Dental prospects with any degree of dental anxiety will be searching – consciously or unconsciously – for any reason not to make an appointment. If your phone answerers don’t come across as warm, welcoming, caring, and focused on the caller, your prospect has all the reason he or she needs.

You almost certainly haven’t assigned an irritable person to answer your phones. But even bright, sunny dispositions can be affected by stress, and the result can be a lost patient. Most of the time, your phone answerer will deny being short or uninterested during a call, and as far as they know, they’re right. It’s sometimes difficult to realize when we’re irritable until it’s pointed out to us.

  1. Not taking control of the call

The end goal of every new patient call is to appoint the patient. To accomplish that, your phone answerer has to guide every stage of the call toward the goal. Trying too hard to deal with objections gives the caller more reasons to object. Allowing long, wandering stories that don’t lead anywhere gives the caller too many chances to decide not to set an appointment.

Some phone answerers are naturals at redirecting conversations in natural and unobjectionable ways. Those are few and far between. Most people need focused training in phone technique.

When SmartBox reviewed all the new patient phone calls for our Elite dentists during the first quarter of 2016, we found that on average the practices weren’t answering 70-80 phone calls a month during business hours. That’s an astonishing figure, and most of the dentists were astonished because they trust their people.
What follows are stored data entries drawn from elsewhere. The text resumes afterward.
theorem lemma4:
  fixes D :: decls and \<Delta> :: "vname \<rightharpoonup> ty" and e :: fexp and t :: ty and E :: texp
    and \<sigma>F :: "vname \<Rightarrow> fexp" and \<sigma>V :: "tlvar \<Rightarrow> texp" and \<sigma>m :: msub and k :: nat
  assumes "wf_decls D"
    and "method_subst \<sigma>m"
    and "fg_trans D \<Delta> e t E"
    and "bindings_rel D \<sigma>m \<Delta> k \<sigma>F \<sigma>V"
    and "decls_rel D k \<sigma>m"
  shows "erel D \<sigma>m k t (fsubst \<sigma>F e) (tsubst \<sigma>V E)"
  using assms(3)
proof (induction rule: fg_trans.induct)
  case (tr_var x t)
  with assms(4) show ?case
    unfolding bindings_rel_def by (simp add: erel_value)
next
  case (tr_struct s fs es Es)
  then show ?case
    using erel_struct_lit[OF tr_struct(1), of "map (fsubst \<sigma>F) es" "map (tsubst \<sigma>V) Es"]
    by (simp add: tsubst_tuple)
next
  case (tr_access e s E fs i f)
  then show ?case
    using erel_field[OF assms(1) tr_access.IH tr_access(2-4)]
    by (simp add: tsubst_case_tup distinct_map_VAux)
next
  case (tr_call_struct m ps t s e E es Es)
  then show ?case
    using erel_call_struct[OF assms(1,2,5) tr_call_struct(1) tr_call_struct.IH(1),
        of "map (fsubst \<sigma>F) es" "map (tsubst \<sigma>V) Es"]
    by (simp add: tsubst_tuple)
next
  case (tr_call_iface e tI E Ss q m ps t es Es)
  then show ?case
    by (intro erel_call_iface_tsubst[OF assms(1,4)]) simp_all
next
  case (tr_sub e t E2 u E1)
  then show ?case
    using subty_tr_closed erel_subtype[OF assms(1,5)] by (simp add: tsubst_closed)
next
  case (tr_assert e tI E2 u E1)
  then show ?case
    using destr_tr_closed erel_assert[OF assms(1,5)] by (simp add: tsubst_closed)
qed

end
The only way to know for sure what percent of new patients are actually being appointed is through phone tracking. We provide our dentists with our exclusive Zetetics® phone tracking service. Every marketing piece is assigned a unique phone number that forwards to the practice phones. The calls are automatically recorded and later reviewed.

Your staff may be doing an outstanding job of answering all new patient calls. Or they may not, and your new patients may be dropping like flies through the cracks.